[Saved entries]
· · ·
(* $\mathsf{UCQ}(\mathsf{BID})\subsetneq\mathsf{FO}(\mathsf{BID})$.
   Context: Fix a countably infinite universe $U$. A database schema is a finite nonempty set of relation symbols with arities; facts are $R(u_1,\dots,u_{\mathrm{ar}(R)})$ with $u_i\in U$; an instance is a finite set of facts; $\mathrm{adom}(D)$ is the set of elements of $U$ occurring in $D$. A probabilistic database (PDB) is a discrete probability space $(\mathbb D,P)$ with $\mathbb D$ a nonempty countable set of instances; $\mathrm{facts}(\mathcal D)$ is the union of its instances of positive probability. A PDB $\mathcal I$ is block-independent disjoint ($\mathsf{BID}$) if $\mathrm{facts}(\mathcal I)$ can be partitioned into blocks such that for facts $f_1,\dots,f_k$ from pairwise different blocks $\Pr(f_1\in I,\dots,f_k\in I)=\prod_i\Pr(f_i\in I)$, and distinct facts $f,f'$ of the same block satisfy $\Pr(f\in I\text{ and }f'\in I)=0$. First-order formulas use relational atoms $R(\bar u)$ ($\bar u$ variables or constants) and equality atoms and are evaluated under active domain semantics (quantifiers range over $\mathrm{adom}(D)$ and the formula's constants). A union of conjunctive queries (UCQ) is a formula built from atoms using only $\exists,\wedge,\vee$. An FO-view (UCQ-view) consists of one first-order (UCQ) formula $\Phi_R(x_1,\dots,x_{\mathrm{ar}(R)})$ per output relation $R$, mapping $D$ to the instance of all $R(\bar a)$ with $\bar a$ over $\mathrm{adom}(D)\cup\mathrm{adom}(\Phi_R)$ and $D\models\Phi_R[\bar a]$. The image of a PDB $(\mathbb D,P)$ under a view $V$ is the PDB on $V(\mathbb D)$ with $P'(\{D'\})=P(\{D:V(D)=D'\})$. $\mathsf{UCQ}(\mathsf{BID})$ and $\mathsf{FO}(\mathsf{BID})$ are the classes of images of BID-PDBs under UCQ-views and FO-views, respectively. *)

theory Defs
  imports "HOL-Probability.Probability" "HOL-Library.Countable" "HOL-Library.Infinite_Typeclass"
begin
· · ·
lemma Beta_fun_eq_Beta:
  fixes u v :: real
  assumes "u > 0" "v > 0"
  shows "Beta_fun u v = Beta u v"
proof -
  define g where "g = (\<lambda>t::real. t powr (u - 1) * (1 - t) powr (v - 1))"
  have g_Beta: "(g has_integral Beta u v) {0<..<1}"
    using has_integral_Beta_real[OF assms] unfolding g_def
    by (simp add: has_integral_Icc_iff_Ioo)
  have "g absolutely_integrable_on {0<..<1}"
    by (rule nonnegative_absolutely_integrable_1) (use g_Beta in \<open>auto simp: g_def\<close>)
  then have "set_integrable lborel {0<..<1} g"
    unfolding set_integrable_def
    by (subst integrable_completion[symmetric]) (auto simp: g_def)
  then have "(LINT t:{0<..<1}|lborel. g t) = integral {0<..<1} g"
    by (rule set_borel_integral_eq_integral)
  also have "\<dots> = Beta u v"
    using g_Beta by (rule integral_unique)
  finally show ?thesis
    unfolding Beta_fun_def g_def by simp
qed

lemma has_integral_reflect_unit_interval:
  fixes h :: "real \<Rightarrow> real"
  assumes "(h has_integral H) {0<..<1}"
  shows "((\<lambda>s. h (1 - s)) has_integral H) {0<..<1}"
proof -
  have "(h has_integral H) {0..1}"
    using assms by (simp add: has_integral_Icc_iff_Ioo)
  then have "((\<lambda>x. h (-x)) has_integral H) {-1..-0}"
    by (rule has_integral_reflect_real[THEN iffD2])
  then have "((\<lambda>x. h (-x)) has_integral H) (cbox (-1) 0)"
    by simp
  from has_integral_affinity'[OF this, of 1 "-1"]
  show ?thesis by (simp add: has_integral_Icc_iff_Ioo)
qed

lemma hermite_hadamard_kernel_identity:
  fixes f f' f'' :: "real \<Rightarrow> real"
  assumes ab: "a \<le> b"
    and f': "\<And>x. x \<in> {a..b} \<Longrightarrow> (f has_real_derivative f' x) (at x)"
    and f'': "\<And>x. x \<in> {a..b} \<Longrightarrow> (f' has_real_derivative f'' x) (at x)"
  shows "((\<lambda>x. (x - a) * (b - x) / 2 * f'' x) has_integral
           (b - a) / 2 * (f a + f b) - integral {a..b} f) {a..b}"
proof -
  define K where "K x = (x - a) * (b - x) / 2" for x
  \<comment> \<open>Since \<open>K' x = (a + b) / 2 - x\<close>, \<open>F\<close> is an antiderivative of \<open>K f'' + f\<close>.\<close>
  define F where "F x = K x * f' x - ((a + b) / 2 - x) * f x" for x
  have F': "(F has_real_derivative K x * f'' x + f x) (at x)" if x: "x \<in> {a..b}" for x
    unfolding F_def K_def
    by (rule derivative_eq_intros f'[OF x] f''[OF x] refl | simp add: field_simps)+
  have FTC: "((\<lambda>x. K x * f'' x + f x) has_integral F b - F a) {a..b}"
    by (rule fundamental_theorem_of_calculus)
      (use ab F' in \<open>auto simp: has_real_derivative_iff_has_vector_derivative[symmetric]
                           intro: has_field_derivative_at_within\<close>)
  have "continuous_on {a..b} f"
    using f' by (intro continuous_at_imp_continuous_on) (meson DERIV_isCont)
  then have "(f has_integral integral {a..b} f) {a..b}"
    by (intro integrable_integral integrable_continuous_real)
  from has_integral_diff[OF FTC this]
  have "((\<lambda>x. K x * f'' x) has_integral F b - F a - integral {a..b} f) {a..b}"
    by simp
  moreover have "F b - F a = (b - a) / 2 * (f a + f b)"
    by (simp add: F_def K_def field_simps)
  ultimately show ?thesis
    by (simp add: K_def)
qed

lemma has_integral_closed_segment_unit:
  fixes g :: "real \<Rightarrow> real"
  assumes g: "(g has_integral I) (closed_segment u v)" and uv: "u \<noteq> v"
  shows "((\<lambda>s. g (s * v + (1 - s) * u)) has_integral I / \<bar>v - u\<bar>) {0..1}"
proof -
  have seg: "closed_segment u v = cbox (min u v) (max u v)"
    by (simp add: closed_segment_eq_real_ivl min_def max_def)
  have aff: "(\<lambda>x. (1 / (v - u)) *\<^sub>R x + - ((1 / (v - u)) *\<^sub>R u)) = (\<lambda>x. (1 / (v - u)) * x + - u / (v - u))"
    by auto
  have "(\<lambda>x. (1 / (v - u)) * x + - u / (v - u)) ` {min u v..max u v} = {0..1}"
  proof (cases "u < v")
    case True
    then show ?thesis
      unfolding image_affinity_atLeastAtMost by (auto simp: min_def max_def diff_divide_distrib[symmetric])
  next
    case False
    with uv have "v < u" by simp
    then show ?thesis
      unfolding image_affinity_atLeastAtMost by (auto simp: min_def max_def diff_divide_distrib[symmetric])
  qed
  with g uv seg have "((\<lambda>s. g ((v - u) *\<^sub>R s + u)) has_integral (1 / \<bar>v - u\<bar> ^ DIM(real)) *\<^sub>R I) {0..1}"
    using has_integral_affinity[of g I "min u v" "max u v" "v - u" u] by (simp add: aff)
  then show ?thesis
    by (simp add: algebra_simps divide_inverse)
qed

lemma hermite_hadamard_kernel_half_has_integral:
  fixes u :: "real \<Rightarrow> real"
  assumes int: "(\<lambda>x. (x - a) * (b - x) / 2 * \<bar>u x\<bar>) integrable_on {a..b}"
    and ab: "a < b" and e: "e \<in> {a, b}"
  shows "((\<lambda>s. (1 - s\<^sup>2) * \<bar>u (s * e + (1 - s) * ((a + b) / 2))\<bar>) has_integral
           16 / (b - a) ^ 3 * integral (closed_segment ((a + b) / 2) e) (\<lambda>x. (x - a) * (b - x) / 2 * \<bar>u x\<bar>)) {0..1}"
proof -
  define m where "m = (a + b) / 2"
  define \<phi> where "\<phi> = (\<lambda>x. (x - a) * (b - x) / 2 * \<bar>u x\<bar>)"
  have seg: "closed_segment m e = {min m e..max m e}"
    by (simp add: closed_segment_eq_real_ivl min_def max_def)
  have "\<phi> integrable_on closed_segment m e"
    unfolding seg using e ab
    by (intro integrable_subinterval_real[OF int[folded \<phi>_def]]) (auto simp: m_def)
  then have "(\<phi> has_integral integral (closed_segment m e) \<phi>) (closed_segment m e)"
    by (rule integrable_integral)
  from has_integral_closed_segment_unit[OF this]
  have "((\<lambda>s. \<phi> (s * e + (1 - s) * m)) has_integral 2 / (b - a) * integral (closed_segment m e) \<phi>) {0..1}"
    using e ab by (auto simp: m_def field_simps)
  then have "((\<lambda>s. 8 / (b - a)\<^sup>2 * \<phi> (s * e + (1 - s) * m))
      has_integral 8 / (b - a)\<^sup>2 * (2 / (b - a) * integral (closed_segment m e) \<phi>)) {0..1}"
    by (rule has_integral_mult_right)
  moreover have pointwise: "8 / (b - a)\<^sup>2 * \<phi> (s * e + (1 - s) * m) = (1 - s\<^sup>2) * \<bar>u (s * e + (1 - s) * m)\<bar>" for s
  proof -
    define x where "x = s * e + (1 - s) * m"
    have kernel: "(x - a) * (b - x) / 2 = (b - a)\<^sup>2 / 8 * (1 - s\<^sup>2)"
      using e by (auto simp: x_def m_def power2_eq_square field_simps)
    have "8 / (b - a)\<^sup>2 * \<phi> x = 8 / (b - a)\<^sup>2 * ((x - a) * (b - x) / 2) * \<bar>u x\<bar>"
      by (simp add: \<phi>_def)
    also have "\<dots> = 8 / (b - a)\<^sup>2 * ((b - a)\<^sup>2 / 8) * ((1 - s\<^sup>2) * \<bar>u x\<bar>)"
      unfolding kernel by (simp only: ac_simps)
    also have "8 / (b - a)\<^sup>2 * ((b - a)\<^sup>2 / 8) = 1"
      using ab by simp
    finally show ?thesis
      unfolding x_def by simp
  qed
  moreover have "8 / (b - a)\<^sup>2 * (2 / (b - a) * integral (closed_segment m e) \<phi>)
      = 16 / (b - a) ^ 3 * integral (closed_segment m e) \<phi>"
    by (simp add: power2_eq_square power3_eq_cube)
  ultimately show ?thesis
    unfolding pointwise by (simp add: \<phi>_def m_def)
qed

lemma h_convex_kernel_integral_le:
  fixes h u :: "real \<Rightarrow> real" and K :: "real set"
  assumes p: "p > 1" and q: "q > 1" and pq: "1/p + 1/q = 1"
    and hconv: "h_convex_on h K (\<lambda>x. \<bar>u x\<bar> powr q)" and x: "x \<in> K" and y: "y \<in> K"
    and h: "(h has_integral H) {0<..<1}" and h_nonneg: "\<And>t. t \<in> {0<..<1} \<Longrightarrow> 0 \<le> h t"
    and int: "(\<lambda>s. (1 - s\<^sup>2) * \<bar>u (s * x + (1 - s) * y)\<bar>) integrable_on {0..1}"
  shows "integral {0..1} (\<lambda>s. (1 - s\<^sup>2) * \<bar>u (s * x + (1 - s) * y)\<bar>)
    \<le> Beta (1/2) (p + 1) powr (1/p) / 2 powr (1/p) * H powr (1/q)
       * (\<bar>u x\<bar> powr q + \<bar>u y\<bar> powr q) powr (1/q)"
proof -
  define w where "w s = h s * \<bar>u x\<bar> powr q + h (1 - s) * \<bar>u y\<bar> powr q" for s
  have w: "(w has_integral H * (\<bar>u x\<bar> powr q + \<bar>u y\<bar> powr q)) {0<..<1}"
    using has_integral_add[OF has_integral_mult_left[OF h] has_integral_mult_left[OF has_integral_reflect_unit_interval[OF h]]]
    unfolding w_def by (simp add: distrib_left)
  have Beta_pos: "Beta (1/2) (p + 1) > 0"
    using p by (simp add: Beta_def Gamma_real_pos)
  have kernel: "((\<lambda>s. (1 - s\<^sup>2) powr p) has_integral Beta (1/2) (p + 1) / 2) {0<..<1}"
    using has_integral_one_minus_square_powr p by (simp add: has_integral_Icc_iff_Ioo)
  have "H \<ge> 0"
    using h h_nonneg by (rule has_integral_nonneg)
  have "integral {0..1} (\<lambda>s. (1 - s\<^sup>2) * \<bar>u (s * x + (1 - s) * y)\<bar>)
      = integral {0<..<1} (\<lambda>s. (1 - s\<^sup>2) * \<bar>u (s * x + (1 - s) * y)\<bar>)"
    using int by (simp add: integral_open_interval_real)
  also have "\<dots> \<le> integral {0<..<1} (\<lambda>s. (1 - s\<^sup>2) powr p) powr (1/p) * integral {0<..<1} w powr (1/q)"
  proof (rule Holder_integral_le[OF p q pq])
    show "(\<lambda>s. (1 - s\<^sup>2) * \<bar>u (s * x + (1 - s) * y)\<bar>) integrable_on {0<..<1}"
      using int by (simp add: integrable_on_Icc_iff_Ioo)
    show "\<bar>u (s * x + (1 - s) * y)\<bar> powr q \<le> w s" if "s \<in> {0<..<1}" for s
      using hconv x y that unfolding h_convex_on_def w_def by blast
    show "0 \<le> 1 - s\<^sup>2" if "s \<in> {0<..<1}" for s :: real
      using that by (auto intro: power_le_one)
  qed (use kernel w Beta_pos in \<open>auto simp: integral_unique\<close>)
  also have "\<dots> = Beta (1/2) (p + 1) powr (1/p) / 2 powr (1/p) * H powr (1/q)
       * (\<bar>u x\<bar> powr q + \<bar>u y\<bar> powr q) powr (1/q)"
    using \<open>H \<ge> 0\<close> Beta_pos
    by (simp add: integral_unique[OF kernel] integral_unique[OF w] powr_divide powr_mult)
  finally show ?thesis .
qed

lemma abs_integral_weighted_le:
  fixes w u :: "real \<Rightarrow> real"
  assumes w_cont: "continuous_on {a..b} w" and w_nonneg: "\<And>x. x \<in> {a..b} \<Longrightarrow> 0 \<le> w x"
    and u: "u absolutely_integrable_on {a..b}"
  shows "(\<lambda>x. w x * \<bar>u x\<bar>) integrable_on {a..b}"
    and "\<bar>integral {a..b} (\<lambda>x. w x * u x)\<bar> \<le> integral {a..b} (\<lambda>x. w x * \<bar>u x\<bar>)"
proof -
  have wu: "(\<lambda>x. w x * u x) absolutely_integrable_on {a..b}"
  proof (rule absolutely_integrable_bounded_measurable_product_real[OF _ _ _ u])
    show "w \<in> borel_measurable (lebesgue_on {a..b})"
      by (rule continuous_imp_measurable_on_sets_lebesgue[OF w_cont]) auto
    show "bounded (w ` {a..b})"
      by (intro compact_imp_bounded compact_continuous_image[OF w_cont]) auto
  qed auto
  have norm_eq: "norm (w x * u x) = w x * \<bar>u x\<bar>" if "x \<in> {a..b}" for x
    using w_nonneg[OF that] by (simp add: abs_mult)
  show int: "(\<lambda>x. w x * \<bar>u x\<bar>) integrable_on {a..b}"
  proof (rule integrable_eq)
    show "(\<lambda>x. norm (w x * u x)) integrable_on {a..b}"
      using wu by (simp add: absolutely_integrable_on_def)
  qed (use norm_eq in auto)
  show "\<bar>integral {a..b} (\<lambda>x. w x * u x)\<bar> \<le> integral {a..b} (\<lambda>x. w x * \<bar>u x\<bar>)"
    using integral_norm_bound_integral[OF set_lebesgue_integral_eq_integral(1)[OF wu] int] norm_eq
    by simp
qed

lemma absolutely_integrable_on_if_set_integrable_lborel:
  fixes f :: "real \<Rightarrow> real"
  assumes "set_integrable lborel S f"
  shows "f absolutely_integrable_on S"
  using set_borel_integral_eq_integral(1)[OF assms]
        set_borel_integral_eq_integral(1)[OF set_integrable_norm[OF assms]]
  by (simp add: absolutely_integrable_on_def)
· · ·
* **EXERCISE GOAL**
Give the exact lines, and only those, from the line containing "unfolding F_def K_def" through the line containing "by (rule fundamental_theorem_of_calculus)" in the entries above.

* **RESPONSE TO THE TASK**
    unfolding F_def K_def
    by (rule derivative_eq_intros f'[OF x] f''[OF x] refl | simp add: field_simps)+
  have FTC: "((\<lambda>x. K x * f'' x + f x) has_integral F b - F a) {a..b}"
    by (rule fundamental_theorem_of_calculus)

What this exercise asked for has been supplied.